§ **Records for the exercise**
===============
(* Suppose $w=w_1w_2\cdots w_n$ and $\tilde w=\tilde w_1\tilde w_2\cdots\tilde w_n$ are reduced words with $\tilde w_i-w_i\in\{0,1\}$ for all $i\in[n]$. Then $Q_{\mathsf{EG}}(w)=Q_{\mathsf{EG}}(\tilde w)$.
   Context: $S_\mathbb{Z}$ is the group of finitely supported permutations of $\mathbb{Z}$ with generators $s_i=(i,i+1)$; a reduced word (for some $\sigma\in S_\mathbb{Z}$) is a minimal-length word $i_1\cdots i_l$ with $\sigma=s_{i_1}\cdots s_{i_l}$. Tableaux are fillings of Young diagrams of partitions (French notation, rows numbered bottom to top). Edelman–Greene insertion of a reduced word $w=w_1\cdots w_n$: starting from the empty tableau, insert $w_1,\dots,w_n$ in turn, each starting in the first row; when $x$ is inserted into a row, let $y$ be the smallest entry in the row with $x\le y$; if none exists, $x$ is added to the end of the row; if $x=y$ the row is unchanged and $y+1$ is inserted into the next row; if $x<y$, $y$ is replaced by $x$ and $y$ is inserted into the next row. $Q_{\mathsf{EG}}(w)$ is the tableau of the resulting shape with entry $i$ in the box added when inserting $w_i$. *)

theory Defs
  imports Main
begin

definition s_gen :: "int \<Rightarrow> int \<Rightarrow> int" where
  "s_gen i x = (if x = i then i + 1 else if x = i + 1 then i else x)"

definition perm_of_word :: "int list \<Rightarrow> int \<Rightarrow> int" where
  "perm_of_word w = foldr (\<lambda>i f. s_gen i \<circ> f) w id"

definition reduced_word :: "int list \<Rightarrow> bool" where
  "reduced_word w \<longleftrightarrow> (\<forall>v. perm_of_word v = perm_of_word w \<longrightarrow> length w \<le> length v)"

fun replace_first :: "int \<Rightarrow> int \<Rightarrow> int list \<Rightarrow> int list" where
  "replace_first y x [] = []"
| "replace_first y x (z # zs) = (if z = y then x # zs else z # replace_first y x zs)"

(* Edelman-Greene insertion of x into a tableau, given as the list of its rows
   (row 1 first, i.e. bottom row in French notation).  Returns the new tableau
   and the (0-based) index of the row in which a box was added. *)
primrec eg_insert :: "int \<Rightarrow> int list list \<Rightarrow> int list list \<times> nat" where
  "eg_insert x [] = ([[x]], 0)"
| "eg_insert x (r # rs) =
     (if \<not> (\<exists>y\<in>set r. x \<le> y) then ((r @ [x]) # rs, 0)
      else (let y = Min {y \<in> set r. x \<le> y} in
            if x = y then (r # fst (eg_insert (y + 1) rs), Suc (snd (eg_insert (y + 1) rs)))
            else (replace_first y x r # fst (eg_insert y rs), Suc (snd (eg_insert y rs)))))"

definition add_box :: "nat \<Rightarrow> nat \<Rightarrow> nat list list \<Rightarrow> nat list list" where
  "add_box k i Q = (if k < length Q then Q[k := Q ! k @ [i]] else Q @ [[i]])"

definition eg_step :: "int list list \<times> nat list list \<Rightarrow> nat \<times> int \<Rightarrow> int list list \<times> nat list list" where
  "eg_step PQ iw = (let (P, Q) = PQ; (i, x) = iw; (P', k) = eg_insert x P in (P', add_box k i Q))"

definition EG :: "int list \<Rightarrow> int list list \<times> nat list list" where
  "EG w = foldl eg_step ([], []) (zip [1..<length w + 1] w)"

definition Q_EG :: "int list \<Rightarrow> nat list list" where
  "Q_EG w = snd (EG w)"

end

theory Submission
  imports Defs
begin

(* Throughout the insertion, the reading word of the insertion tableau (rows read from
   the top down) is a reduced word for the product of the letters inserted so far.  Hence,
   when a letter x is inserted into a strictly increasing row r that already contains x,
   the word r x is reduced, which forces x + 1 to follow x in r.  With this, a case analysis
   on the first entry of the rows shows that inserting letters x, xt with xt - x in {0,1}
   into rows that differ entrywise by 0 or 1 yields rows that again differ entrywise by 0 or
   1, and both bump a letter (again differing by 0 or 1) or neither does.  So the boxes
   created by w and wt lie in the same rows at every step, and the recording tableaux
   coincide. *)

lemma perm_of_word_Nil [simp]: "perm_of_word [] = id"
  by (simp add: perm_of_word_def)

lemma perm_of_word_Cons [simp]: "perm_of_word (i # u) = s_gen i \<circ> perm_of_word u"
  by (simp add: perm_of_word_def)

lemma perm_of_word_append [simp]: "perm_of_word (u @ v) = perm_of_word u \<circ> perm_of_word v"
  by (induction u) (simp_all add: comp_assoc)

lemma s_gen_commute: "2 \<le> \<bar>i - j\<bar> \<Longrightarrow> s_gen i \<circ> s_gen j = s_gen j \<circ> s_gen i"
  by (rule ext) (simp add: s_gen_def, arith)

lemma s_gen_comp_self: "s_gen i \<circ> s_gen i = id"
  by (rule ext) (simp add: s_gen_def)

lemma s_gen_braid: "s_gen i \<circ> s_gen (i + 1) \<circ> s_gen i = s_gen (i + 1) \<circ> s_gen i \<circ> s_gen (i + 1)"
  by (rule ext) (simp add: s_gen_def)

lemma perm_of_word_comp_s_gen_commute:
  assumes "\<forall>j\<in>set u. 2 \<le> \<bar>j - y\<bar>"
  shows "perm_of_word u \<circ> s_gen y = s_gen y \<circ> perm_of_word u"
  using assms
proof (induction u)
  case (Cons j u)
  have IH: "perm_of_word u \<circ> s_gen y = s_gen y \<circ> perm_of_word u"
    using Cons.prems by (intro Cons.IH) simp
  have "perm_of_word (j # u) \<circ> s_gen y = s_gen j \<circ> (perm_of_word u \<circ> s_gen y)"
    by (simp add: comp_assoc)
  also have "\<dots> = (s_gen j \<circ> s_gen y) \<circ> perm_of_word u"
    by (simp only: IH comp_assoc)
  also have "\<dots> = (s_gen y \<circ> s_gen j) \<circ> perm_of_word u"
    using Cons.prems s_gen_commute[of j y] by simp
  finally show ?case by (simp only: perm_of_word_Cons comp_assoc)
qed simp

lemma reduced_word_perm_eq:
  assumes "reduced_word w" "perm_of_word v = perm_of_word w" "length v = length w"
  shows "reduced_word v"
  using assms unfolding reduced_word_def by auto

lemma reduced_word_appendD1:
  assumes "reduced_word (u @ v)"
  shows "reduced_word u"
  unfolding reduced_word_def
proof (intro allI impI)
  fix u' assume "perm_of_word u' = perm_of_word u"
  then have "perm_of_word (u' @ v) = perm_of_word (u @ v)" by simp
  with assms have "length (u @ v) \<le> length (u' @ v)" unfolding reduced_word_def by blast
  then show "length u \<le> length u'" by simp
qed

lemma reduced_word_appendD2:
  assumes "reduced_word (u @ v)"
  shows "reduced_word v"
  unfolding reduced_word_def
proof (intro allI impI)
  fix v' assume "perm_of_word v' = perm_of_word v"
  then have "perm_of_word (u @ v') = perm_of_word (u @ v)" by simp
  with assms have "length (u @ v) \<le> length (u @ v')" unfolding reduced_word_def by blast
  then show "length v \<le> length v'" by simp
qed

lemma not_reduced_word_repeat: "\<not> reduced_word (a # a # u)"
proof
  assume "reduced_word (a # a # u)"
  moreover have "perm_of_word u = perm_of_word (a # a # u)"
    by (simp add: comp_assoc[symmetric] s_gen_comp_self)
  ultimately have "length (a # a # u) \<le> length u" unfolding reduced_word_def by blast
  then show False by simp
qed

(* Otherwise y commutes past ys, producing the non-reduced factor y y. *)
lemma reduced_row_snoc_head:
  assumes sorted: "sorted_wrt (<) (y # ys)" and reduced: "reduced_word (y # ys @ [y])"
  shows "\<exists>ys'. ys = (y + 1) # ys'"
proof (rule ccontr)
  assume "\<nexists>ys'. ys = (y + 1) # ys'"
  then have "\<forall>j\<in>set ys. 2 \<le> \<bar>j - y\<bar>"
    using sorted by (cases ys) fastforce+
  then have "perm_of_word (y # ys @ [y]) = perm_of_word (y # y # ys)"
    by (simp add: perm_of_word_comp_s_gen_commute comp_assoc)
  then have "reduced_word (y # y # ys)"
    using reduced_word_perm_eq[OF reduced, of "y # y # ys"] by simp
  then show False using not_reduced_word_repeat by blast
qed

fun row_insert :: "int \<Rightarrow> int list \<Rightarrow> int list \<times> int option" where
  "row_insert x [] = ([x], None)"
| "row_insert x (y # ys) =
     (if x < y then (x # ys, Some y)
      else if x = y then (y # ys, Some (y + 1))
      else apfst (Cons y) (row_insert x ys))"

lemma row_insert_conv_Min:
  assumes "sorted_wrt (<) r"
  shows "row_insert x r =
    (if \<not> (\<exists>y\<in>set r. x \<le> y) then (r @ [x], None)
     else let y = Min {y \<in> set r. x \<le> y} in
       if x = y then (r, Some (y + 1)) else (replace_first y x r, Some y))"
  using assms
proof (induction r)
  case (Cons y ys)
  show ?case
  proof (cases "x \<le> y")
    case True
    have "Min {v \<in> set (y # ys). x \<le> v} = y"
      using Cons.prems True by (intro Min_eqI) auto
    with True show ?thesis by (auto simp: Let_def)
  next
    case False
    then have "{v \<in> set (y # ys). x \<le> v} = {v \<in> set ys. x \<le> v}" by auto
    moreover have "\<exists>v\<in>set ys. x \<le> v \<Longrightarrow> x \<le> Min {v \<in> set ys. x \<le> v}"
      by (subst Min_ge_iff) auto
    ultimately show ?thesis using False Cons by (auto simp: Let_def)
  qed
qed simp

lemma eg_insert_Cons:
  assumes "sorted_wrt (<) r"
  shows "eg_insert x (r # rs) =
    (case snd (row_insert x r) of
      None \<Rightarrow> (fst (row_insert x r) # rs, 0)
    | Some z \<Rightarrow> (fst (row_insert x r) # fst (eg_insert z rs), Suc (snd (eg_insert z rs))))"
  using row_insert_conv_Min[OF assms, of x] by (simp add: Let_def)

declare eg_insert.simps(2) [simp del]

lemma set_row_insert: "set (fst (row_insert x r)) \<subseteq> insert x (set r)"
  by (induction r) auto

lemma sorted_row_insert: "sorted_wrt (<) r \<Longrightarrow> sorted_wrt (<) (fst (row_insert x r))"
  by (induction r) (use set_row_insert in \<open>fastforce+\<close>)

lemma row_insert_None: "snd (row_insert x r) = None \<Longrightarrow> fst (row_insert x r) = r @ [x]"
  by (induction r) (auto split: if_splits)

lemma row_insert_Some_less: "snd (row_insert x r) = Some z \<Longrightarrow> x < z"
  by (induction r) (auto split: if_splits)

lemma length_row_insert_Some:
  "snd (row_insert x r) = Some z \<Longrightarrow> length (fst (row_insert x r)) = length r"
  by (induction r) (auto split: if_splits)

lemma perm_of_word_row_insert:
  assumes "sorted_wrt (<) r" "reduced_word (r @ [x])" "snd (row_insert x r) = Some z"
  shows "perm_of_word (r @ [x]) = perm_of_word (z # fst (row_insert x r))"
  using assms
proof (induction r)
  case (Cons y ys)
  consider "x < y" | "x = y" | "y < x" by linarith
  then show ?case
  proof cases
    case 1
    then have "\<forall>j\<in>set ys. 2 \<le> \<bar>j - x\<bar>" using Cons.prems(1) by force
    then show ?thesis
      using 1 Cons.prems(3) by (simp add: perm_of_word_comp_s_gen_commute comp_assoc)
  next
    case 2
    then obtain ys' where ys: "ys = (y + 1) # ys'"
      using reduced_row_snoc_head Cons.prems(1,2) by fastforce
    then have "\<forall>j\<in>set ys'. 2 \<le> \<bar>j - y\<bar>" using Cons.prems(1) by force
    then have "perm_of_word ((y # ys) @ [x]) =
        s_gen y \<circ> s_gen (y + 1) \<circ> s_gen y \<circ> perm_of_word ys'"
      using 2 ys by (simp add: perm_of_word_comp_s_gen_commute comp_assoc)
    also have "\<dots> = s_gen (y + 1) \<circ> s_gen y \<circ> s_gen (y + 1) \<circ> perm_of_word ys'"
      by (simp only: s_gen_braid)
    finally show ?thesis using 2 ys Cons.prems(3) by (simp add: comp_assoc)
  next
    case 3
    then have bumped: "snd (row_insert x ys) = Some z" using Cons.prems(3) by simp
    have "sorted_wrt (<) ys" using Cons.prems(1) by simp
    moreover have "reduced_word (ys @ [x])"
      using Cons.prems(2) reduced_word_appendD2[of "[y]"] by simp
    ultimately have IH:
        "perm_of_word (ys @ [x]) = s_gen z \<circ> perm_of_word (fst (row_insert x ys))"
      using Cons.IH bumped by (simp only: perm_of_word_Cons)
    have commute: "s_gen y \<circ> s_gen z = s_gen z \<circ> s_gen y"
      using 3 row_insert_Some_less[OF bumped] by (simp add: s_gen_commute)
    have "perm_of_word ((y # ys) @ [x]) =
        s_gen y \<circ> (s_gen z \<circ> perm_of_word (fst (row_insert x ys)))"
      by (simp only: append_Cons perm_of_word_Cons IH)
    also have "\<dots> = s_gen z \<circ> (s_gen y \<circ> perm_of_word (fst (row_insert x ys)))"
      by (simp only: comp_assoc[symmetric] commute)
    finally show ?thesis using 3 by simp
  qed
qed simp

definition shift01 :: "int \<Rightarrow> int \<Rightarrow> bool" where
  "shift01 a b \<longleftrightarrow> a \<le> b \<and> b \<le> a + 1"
===============
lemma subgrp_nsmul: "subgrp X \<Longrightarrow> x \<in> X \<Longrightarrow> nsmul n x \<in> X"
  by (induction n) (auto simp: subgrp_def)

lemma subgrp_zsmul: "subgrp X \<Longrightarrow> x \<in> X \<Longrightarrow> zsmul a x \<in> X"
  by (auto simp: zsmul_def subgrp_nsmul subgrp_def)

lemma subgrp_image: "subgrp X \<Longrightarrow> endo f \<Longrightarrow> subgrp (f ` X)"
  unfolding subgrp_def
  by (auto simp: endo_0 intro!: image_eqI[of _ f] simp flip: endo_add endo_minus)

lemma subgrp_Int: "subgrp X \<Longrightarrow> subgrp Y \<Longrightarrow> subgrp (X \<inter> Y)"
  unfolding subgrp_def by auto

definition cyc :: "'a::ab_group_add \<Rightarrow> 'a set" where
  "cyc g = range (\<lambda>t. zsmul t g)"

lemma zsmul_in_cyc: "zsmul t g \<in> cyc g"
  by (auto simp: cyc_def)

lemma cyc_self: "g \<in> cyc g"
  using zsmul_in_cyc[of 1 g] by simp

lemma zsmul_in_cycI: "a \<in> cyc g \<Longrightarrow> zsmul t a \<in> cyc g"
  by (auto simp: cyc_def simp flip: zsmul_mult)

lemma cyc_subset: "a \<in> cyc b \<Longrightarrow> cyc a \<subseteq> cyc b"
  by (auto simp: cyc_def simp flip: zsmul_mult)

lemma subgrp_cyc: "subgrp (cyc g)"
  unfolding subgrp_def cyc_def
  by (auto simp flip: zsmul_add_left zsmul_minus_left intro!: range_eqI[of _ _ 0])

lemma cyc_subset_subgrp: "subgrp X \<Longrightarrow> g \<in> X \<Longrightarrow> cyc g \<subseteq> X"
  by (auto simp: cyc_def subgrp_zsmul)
===============
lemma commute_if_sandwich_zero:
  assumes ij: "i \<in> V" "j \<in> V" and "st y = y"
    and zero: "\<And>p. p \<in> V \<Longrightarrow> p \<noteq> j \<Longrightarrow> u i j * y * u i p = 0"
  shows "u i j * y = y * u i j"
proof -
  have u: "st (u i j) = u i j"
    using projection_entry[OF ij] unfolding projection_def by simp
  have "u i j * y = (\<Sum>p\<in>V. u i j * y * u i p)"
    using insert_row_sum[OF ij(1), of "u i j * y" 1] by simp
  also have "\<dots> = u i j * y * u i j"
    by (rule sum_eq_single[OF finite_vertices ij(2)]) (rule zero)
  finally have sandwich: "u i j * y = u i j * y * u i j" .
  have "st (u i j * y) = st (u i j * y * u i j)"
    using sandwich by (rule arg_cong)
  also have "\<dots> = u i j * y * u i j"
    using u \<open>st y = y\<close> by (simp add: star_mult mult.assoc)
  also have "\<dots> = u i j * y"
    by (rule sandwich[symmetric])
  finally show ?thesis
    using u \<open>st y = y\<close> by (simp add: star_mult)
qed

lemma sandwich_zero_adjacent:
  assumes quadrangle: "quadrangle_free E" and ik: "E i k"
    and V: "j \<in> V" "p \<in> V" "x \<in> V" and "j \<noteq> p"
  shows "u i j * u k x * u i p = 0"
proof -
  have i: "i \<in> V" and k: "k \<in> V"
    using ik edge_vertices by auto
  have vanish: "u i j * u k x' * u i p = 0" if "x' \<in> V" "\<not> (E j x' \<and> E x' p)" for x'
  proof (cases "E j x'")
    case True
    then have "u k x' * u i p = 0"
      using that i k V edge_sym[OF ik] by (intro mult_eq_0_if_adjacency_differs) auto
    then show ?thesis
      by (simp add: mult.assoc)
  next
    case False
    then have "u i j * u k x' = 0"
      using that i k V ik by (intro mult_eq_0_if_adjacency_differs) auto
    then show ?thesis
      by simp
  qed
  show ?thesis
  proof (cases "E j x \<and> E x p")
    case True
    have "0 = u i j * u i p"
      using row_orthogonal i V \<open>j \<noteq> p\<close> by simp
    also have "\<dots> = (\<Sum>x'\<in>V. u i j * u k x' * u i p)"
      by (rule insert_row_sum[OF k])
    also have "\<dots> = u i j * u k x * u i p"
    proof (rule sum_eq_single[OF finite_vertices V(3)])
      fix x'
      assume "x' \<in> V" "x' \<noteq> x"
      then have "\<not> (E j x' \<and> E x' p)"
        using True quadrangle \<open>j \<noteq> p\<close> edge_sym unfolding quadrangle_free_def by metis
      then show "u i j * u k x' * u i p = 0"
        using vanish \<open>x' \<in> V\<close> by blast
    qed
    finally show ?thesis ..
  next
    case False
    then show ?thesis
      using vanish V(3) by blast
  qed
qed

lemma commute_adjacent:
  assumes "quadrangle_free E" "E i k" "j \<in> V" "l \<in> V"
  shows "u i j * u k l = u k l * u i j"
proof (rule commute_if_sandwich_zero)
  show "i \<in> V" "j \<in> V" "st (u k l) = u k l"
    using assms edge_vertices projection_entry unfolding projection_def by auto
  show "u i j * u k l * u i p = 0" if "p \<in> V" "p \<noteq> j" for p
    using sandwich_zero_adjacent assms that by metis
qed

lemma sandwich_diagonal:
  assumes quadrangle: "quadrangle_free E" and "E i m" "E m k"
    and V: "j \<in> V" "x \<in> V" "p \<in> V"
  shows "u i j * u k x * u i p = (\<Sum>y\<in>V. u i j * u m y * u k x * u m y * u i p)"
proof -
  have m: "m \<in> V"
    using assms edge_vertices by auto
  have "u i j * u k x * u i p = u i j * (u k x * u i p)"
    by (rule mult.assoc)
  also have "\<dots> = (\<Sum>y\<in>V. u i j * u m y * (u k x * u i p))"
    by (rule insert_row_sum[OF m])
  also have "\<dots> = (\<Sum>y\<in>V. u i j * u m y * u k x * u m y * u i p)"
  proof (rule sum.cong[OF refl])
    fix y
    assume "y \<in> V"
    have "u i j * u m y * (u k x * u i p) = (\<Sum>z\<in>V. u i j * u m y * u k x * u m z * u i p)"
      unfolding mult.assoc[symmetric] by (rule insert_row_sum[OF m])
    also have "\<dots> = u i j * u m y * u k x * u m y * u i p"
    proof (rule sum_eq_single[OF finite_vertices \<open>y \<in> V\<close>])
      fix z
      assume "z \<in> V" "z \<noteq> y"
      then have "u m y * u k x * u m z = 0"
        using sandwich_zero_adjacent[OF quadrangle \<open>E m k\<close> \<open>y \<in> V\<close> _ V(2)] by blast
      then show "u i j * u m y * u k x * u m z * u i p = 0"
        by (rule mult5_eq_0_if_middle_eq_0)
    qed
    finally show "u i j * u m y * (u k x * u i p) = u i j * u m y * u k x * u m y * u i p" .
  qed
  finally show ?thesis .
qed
===============
§ **Your instructions**
Check each line of the listing for "times", and copy the ones that hold it.

§ **Task result**
primrec eg_insert :: "int \<Rightarrow> int list list \<Rightarrow> int list list \<times> nat" where
definition eg_step :: "int list list \<times> nat list list \<Rightarrow> nat \<times> int \<Rightarrow> int list list \<times> nat list list" where
definition EG :: "int list \<Rightarrow> int list list \<times> nat list list" where
fun row_insert :: "int \<Rightarrow> int list \<Rightarrow> int list \<times> int option" where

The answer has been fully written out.